The Wiener Werkstätte ("Vienna Workshop"), established in 1903 by the graphic designer and painter Koloman Moser, the architect Josef Hoffmann and the patron Fritz Waerndorfer, was a productive association in Vienna, Austria, which brought together architects, artists, designers and artisans working in ceramics, fashion, silver, furniture and the graphic arts. The Workshop was "dedicated to the artistic production of utilitarian items in a wide range of media, including metalwork, leatherwork, bookbinding, woodworking, ceramics, postcards and graphic art, and jewelry." This meant the workshop created many items used in domestic spaces, which, as the scholar Rebecca Houze has argued, were previously seen as the domain of women. It is regarded as a pioneer of modern design, and its influence can be seen in later styles such as Bauhaus and Art Deco.

The company, was officially recorded in commercial court records as the Wiener Werkstätte Productiv-Genossenschaft von Kunsthandwerkern (Productive Cooperative of Artisans), though it was not really a cooperative but operated essentially as a manufacturing firm and retail store not entirely an alliance of artisans.

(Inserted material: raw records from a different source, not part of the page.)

(* Let $R$ be an involutive commutative semiring (with $0 \neq 1$), let $(K,\oplus,0)$ be a finite abelian group of order $d$ and exponent $k$, with $d$ invertible in $R$, and let $K$ be a subgroup of an abelian group $(P,\oplus,0)$ (in the paper: $K$ is the group of $X$-classical points, $P$ the group of $Z$-phases). Let $$\bigoplus_{r=1}^M n_r y_r = a, \qquad a \in K,$$ be an equation with positive integer coefficients $n_r$, admitting a solution $y_r := a_r$ in $P$, where the $a_r$ are pairwise distinct and non-zero. Choose $N \geq \sum_{r=1}^M n_r$ with $N \equiv 1 \pmod k$, set $n_0 := N - \sum_{r=1}^M n_r$, $a_0 := 0$, for $i = 1,\dots,N$ let $R(i)$ be the least $R' \geq 0$ with $i \leq \sum_{r=0}^{R'} n_r$, and put $\alpha_i := a_{R(i)}$; indices of $\alpha$ are read modulo $N$ with residues in $\{1,\dots,N\}$. Consider the measurement scenario with measurements $\mathcal{X} = \bigsqcup_{i=1}^N \{X_i^{0}, X_i^{a_1},\dots,X_i^{a_M}\}$, each with outcome set $K$, and measurement contexts $C_{control} = \{X_i^0 : i = 1,\dots,N\}$ and $C_{var_v} = \{X_i^{\alpha_{i+v-1}} : i=1,\dots,N\}$ for $v = 1,\dots,N$. Let $(e_C)$ be the $R$-valued empirical model (the outcome distribution of the Mermin measurement contexts on the $N$-partite GHZ state) given, for $\underline{b} \in K^C$, by $e_{C_{control}}(\underline{b}) = 1/d^{N-1}$ if $\bigoplus_{i} b_i = 0$ and $0$ otherwise, and $e_{C_{var_v}}(\underline{b}) = 1/d^{N-1}$ if $\bigoplus_i b_i = a$ and $0$ otherwise. Assume $R$ admits a semiring morphism $p: R \to \mathbb{B}$ with $p(1/d) = 1$. Then $(e_C)$ is $\mathrm{AvN}_{\mathbb{Z},K}$ if and only if the equation $\bigoplus_{r=1}^M n_r y_r = a$ admits no solution in $K$.
   Context: $\mathbb{B} = (\{0,1\},\vee,0,\wedge,1)$ is the boolean semiring. The possibilistic model associated with $(e_C)$ is $(p\circ e_C)$; its support on a context $C$ is $\mathcal{S}(C) := \{\underline{b} \in K^C : p(e_C(\underline{b})) = 1\}$. A $\mathbb{Z}$-linear equation valued in $K$ is a triple $\phi = (C, n, b)$ with $C$ a finite set, $n: C \to \mathbb{Z}$ and $b \in K$; an assignment $s: C \to K$ satisfies $\phi$ if $\bigoplus_{m \in C} n(m) s(m) = b$ in $K$. For a set $W$ of assignments $C \to K$, $\mathbb{T}_{\mathbb{Z}}(W)$ is the set of $\mathbb{Z}$-linear equations with index set $C$ satisfied by every $s \in W$. The model is $\mathrm{AvN}_{\mathbb{Z},K}$ (All-vs-Nothing) if there is no global assignment $s: \mathcal{X} \to K$ such that, for every context $C$ and every $\phi \in \mathbb{T}_{\mathbb{Z}}(\mathcal{S}(C))$, the restriction $s|_C$ satisfies $\phi$. *)

theory Defs
  imports Main "HOL-Library.FuncSet"
begin

definition natmult :: "nat \<Rightarrow> 'a::monoid_add \<Rightarrow> 'a" where
  "natmult m x = (((+) x) ^^ m) 0"

definition intmult :: "int \<Rightarrow> 'a::ab_group_add \<Rightarrow> 'a" where
  "intmult z x = (if 0 \<le> z then natmult (nat z) x else - natmult (nat (- z)) x)"

definition is_subgroup :: "'a::ab_group_add set \<Rightarrow> bool" where
  "is_subgroup K \<longleftrightarrow> 0 \<in> K \<and> (\<forall>x\<in>K. \<forall>y\<in>K. x + y \<in> K) \<and> (\<forall>x\<in>K. - x \<in> K)"

definition group_exponent :: "'a::ab_group_add set \<Rightarrow> nat" where
  "group_exponent K = (LEAST k. 0 < k \<and> (\<forall>x\<in>K. natmult k x = 0))"

definition involutive_semiring :: "('r::comm_semiring_1 \<Rightarrow> 'r) \<Rightarrow> bool" where
  "involutive_semiring invol \<longleftrightarrow>
     (\<forall>x. invol (invol x) = x) \<and> (\<forall>x y. invol (x + y) = invol x + invol y) \<and>
     (\<forall>x y. invol (x * y) = invol x * invol y) \<and> invol 0 = 0 \<and> invol 1 = 1"

definition bool_semiring_hom :: "('r::comm_semiring_1 \<Rightarrow> bool) \<Rightarrow> bool" where
  "bool_semiring_hom p \<longleftrightarrow> p 0 = False \<and> p 1 = True \<and>
     (\<forall>x y. p (x + y) = (p x \<or> p y)) \<and> (\<forall>x y. p (x * y) = (p x \<and> p y))"

definition sat_eq :: "'m set \<Rightarrow> ('m \<Rightarrow> int) \<Rightarrow> 'p::ab_group_add \<Rightarrow> ('m \<Rightarrow> 'p) \<Rightarrow> bool" where
  "sat_eq C n b s \<longleftrightarrow> (\<Sum>m\<in>C. intmult (n m) (s m)) = b"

Following World War I, the workshop was beset by financial troubles and material shortages. Attempts to expand the workshop's base were unsuccessful, as was a reorganization under the direction of Austrian artist Philipp Häusler. In 1926, Workshop financier Otto Primavesi's bank failed and the Workshop limped through the stock market crash in 1929. Ultimately it was forced to close in 1932.

==Origins==
The enterprise evolved from the Vienna Secession, founded in 1897 as a progressive alliance of artists and designers. From the start, the Secession had placed special emphasis on the applied arts, and its 1900 exhibition surveying the work of contemporary European design workshops prompted the young architect Josef Hoffmann and his artist friend Koloman Moser to consider establishing a similar enterprise.

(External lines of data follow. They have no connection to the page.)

(* Let $x\in D(A)$ and $t\geq 0$. (i) It holds $S(t)x\in D(A)$ with $AS(t)x=S'_+(t,x)Ax$. If $S(t)$ is linear, this results in the relation $AS(t)x=S(t)Ax$. (ii) For $t>0$, it holds $\lim_{h\downarrow 0}\frac{S(t)x-S(t-h)x}{h}=S'_-(t,x)Ax$. (iii) It holds $S'_+(t,x)Ax=S'_-(t,x)Ax$. The mapping $[0,\infty)\to X$, $s\mapsto S(s)x$ is continuously differentiable and the derivative is given by $\frac{\mathrm{d}}{\mathrm{d}s}S(s)x=AS(s)x=S'_\pm(s,x)Ax$ for $s\geq 0$. (iv) It holds $S(t)x-x=\int_0^t AS(s)x\,\mathrm{d}s=\int_0^t S'_+(s,x)Ax\,\mathrm{d}s=\int_0^t S'_-(s,x)Ax\,\mathrm{d}s$.
   Context: Let $X$ be a Banach lattice with order continuous norm (i.e., for every net $(x_\alpha)$ with $x_\alpha\downarrow 0$ one has $\|x_\alpha\|\to 0$). An operator $T\colon X\to X$ is called bounded if $\sup_{\|x\|\le r}\|Tx\|<\infty$ for all $r>0$, and convex if $T(\lambda x+(1-\lambda)y)\le \lambda Tx+(1-\lambda)Ty$ for all $\lambda\in[0,1]$, $x,y\in X$. Let $S=(S(t))_{t\in[0,\infty)}$ be a convex $C_0$-semigroup on $X$, i.e., a family of bounded convex operators $X\to X$ with $S(0)x=x$, $S(t+s)x=S(t)S(s)x$ for all $s,t\ge 0$, $x\in X$, and $S(t)x\to x$ as $t\downarrow 0$ for all $x\in X$. Its generator $A\colon D(A)\subset X\to X$ is defined by $Ax:=\lim_{h\downarrow 0}\frac{S(h)x-x}{h}$, where $D(A)$ is the set of all $x\in X$ for which this limit exists in norm. For $t\ge 0$ and $x,y\in X$, the one-sided directional derivatives are defined by $S'_+(t,x)y:=\inf_{h>0}\frac{S(t)(x+hy)-S(t)x}{h}$ and $S'_-(t,x)y:=\sup_{h<0}\frac{S(t)(x+hy)-S(t)x}{h}$ (the infimum/supremum in the lattice $X$; these exist in $X$ and are norm limits of the corresponding difference quotients as $h\to 0$, by order continuity of the norm). *)

theory Defs
  imports "HOL-Analysis.Analysis"
begin
(* Let $\mathcal{X}_1,\mathcal{X}_2$ be non-empty sets, $\mathcal{B}_i\subseteq\mathcal{P}(\mathcal{X}_i)\setminus\{\emptyset\}$, and $\underline{P}_i$ a coherent conditional lower prevision on $\mathcal{C}_i\subseteq\mathcal{C}(\mathcal{X}_i)$ with natural extension $\underline{E}_i$ to $\mathcal{C}(\mathcal{X}_i)$, for $i\in\{1,2\}$. Let $\{i,j\}=\{1,2\}$. Then for any $f_i\in\mathcal{G}(\mathcal{X}_i)$, any non-empty $B_i\subseteq\mathcal{X}_i$ and any $B_j\in\mathcal{B}_j$, $$(\underline{P}_1\otimes\underline{P}_2)(f_i\vert B_i\cap B_j)=(\underline{P}_1\otimes\underline{P}_2)(f_i\vert B_i)=\underline{E}_i(f_i\vert B_i).$$
   Context: Gambles on a non-empty set $\mathcal{X}$ are bounded real functions; $\mathcal{G}(\mathcal{X})$ is the set of gambles, $\mathcal{G}_{>0}(\mathcal{X})$ the non-negative non-zero gambles, $\mathbb{I}_A$ the indicator of $A$. For $\mathcal{A}\subseteq\mathcal{G}(\mathcal{X})$: $\mathrm{posi}(\mathcal{A}):=\{\sum_{i=1}^n\lambda_if_i\colon n\in\mathbb{N},\lambda_i>0,f_i\in\mathcal{A}\}$, $\mathcal{E}(\mathcal{A}):=\mathrm{posi}(\mathcal{A}\cup\mathcal{G}_{>0}(\mathcal{X}))$. A coherent set of desirable gambles $\mathcal{D}\subseteq\mathcal{G}(\mathcal{X})$ satisfies: (D1) $f\geq0,f\neq0\Rightarrow f\in\mathcal{D}$; (D2) $f\in\mathcal{D},\lambda>0\Rightarrow\lambda f\in\mathcal{D}$; (D3) $f,g\in\mathcal{D}\Rightarrow f+g\in\mathcal{D}$; (D4) $f\leq0\Rightarrow f\notin\mathcal{D}$. $\mathcal{C}(\mathcal{X}):=\mathcal{G}(\mathcal{X})\times(\mathcal{P}(\mathcal{X})\setminus\{\emptyset\})$; a conditional lower prevision on $\mathcal{C}\subseteq\mathcal{C}(\mathcal{X})$ is a map $(f,B)\mapsto\underline{P}(f\vert B)\in\mathbb{R}\cup\{\pm\infty\}$. For $\mathcal{D}\subseteq\mathcal{G}(\mathcal{X})$, $\underline{P}_{\mathcal{D}}(f\vert B):=\sup\{\mu\in\mathbb{R}\colon[f-\mu]\mathbb{I}_B\in\mathcal{D}\}$. $\underline{P}$ is coherent if $\underline{P}=\underline{P}_{\mathcal{D}}$ on its domain for some coherent set of desirable gambles $\mathcal{D}$. For coherent $\underline{P}$ on $\mathcal{C}$, $\mathcal{E}(\underline{P}):=\mathcal{E}(\{[f-\mu]\mathbb{I}_B\colon(f,B)\in\mathcal{C},\mu<\underline{P}(f\vert B)\})$ and its natural extension is $\underline{E}(f\vert B):=\underline{P}_{\mathcal{E}(\underline{P})}(f\vert B)$, $(f,B)\in\mathcal{C}(\mathcal{X})$. Gambles on $\mathcal{X}_i$ are identified with their cylindrical extensions to $\mathcal{X}_1\times\mathcal{X}_2$, events $B\subseteq\mathcal{X}_1$ with $B\times\mathcal{X}_2$ and $B\subseteq\mathcal{X}_2$ with $\mathcal{X}_1\times B$ (so $B_i\cap B_j$ is a rectangle in $\mathcal{X}_1\times\mathcal{X}_2$). For coherent sets of desirable gambles $\mathcal{D}_1,\mathcal{D}_2$: $\mathcal{D}_1\otimes\mathcal{D}_2:=\mathcal{E}(\mathcal{A}_{1\to2}\cup\mathcal{A}_{2\to1})$, $\mathcal{A}_{1\to2}:=\{f_2(X_2)\mathbb{I}_{B_1}(X_1)\colon f_2\in\mathcal{D}_2,B_1\in\mathcal{B}_1\cup\{\mathcal{X}_1\}\}$, $\mathcal{A}_{2\to1}:=\{f_1(X_1)\mathbb{I}_{B_2}(X_2)\colon f_1\in\mathcal{D}_1,B_2\in\mathcal{B}_2\cup\{\mathcal{X}_2\}\}$. Then $(\underline{P}_1\otimes\underline{P}_2)(f\vert B):=\underline{P}_{\mathcal{D}}(f\vert B)$ for $(f,B)\in\mathcal{C}(\mathcal{X}_1\times\mathcal{X}_2)$ with $\mathcal{D}=\mathcal{E}(\underline{P}_1)\otimes\mathcal{E}(\underline{P}_2)$. *)

theory Defs
  imports Main "HOL-Library.Extended_Real"
begin

definition gamble :: "('a \<Rightarrow> real) \<Rightarrow> bool" where
  "gamble f \<longleftrightarrow> bdd_above (range f) \<and> bdd_below (range f)"

definition gambles :: "('a \<Rightarrow> real) set" where
  "gambles = {f. gamble f}"

definition pos_gambles :: "('a \<Rightarrow> real) set" where
  "pos_gambles = {f. gamble f \<and> (\<forall>x. f x \<ge> 0) \<and> f \<noteq> (\<lambda>x. 0)}"

definition posi :: "('a \<Rightarrow> real) set \<Rightarrow> ('a \<Rightarrow> real) set" where
  "posi A = {g. \<exists>n::nat. n \<ge> 1 \<and> (\<exists>lam f. (\<forall>i<n. lam i > (0::real) \<and> f i \<in> A)
                 \<and> g = (\<lambda>x. \<Sum>i<n. lam i * f i x))}"

definition extend_D :: "('a \<Rightarrow> real) set \<Rightarrow> ('a \<Rightarrow> real) set" where
  "extend_D A = posi (A \<union> pos_gambles)"

definition coherent_D :: "('a \<Rightarrow> real) set \<Rightarrow> bool" where
  "coherent_D D \<longleftrightarrow> D \<subseteq> gambles
     \<and> (\<forall>f. gamble f \<and> (\<forall>x. f x \<ge> 0) \<and> f \<noteq> (\<lambda>x. 0) \<longrightarrow> f \<in> D)
     \<and> (\<forall>f\<in>D. \<forall>lam::real. lam > 0 \<longrightarrow> (\<lambda>x. lam * f x) \<in> D)
     \<and> (\<forall>f\<in>D. \<forall>g\<in>D. (\<lambda>x. f x + g x) \<in> D)
     \<and> (\<forall>f. (\<forall>x. f x \<le> 0) \<longrightarrow> f \<notin> D)"

text \<open>\<open>\<C>(\<X>)\<close>: gambles paired with non-empty conditioning events.\<close>
definition cond_pairs :: "(('a \<Rightarrow> real) \<times> 'a set) set" where
  "cond_pairs = {(f, B). gamble f \<and> B \<noteq> {}}"

definition cut :: "('a \<Rightarrow> real) \<Rightarrow> real \<Rightarrow> 'a set \<Rightarrow> 'a \<Rightarrow> real" where
  "cut f \<mu> B = (\<lambda>x. (f x - \<mu>) * (if x \<in> B then 1 else 0))"

definition lp_of :: "('a \<Rightarrow> real) set \<Rightarrow> ('a \<Rightarrow> real) \<Rightarrow> 'a set \<Rightarrow> ereal" where
  "lp_of D f B = Sup (ereal ` {\<mu>. cut f \<mu> B \<in> D})"

text \<open>A conditional lower prevision on domain C is a map
  \<open>P :: gamble \<Rightarrow> event \<Rightarrow> ereal\<close> (only its values on C matter).\<close>
definition coherent_lp :: "(('a \<Rightarrow> real) \<times> 'a set) set \<Rightarrow> (('a \<Rightarrow> real) \<Rightarrow> 'a set \<Rightarrow> ereal) \<Rightarrow> bool" where
  "coherent_lp C P \<longleftrightarrow> (\<exists>D. coherent_D D \<and> (\<forall>(f, B)\<in>C. P f B = lp_of D f B))"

Finally in 1903, with backing from the industrialist Fritz Wärndorfer, the Wiener Werkstätte began operations in three small rooms; it soon expanded to fill a three-story building with separate, specially designed facilities for metalwork, leatherwork, bookbinding, furniture and a paint shop. The range of product lines also included leather goods, enamel, jewellery, textiles, millinery fashion, lace, postcards and ceramics.

== Style ==
The Workshop "derived inspiration from the rich tradition of the glorious past" with fine workmanship and high attention to detail, hearkening back to a more civilized, and secure, time. Beginning with the 14th Exhibition of the Vienna Secession in 1902, the radical distinctiveness of certain Viennese artists began to emerge, setting a foundation for the widespread Modernist movement; this became known as Wiener-Werkstätte-Stil (literally, the Vienna Workshops Style). Among the innovators were the Austrian designers Gisela Falke von Lilienstein and Else Unger, and the Viennese architect Josef Hoffmann. The latter's cubist sculpture created in 1902 marked a break into independence for many Viennese artists. His works from this period are especially remarkable when one considers that the term "cubism" only found its way into the art lexicon around 1907 to describe the work of Pablo Picasso.

Dresses by Eduard Josef Wimmer-Wisgrill inspired Paul Poiret's when the latter visited the Workshop's Berlin exhibition in 1913. The work was considered both highly fashionable as well as functional. Other pieces at the exhibition included day and evening clothes, housedresses and negligees. Some of the earliest productions of the fashion workshop were artist smocks for Klimt and sculptor Anton Hanack.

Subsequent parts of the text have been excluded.